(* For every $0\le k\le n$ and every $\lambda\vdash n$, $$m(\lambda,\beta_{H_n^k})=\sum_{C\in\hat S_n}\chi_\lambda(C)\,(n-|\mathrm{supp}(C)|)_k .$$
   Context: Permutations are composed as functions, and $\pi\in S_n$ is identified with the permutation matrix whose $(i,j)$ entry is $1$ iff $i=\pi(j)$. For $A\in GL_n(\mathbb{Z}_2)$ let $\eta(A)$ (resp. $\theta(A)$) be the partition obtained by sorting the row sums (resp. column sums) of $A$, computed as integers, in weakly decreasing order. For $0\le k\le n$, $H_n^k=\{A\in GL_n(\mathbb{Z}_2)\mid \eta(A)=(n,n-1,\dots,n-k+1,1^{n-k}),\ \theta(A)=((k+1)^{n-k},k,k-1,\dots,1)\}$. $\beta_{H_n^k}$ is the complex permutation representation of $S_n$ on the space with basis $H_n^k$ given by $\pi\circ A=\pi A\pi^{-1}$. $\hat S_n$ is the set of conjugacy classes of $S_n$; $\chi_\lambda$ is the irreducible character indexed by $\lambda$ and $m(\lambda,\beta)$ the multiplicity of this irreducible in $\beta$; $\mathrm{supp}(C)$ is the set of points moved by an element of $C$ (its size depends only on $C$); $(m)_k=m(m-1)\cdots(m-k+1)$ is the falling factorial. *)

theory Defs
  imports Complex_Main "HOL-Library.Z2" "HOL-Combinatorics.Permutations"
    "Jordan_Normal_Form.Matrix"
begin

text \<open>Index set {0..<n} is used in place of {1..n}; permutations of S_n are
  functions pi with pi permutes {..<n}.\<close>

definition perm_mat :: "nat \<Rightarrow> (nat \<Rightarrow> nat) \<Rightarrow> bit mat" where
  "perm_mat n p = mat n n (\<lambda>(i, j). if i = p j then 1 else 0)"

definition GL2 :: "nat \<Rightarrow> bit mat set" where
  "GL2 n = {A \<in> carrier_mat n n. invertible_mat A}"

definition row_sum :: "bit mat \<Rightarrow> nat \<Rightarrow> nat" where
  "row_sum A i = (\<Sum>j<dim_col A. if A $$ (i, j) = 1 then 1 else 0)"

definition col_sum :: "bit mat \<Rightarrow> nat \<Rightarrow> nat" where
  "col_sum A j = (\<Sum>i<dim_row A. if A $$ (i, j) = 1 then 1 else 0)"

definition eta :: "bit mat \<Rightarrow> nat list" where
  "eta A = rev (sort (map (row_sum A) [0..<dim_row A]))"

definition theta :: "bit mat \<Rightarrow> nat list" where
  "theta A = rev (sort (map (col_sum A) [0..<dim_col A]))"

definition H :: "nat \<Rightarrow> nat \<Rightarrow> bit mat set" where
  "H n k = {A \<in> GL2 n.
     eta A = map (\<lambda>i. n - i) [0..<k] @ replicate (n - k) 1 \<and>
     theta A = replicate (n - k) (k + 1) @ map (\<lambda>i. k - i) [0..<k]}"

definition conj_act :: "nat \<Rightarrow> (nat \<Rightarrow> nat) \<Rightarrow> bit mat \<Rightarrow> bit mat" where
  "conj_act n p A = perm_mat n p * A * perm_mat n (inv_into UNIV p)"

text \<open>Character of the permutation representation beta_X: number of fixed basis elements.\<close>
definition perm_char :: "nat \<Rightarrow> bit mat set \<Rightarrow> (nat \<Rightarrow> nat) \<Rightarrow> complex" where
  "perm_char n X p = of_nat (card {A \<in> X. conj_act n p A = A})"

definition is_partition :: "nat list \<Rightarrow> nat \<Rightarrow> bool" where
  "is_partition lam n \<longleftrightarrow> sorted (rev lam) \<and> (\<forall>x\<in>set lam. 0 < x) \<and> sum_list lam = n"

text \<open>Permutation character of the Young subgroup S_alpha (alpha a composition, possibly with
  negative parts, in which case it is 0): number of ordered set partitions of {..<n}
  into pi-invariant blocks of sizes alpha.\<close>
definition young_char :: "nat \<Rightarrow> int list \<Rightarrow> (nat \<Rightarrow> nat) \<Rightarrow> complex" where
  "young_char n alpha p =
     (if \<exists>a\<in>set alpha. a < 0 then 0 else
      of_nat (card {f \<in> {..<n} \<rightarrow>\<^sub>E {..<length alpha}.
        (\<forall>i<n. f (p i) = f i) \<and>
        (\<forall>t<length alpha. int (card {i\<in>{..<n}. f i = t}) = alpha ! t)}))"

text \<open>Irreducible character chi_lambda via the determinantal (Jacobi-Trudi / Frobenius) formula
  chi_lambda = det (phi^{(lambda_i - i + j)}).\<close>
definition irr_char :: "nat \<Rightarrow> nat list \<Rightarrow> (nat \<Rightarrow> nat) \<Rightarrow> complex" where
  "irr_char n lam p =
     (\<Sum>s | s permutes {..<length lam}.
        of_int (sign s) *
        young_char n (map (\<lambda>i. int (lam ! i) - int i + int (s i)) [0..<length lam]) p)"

· · · · · · ·

Look above for lines with the word "then" and copy them all.

*TASK RESPONSE*
  "perm_mat n p = mat n n (\<lambda>(i, j). if i = p j then 1 else 0)"
  "row_sum A i = (\<Sum>j<dim_col A. if A $$ (i, j) = 1 then 1 else 0)"
  "col_sum A j = (\<Sum>i<dim_row A. if A $$ (i, j) = 1 then 1 else 0)"
     (if \<exists>a\<in>set alpha. a < 0 then 0 else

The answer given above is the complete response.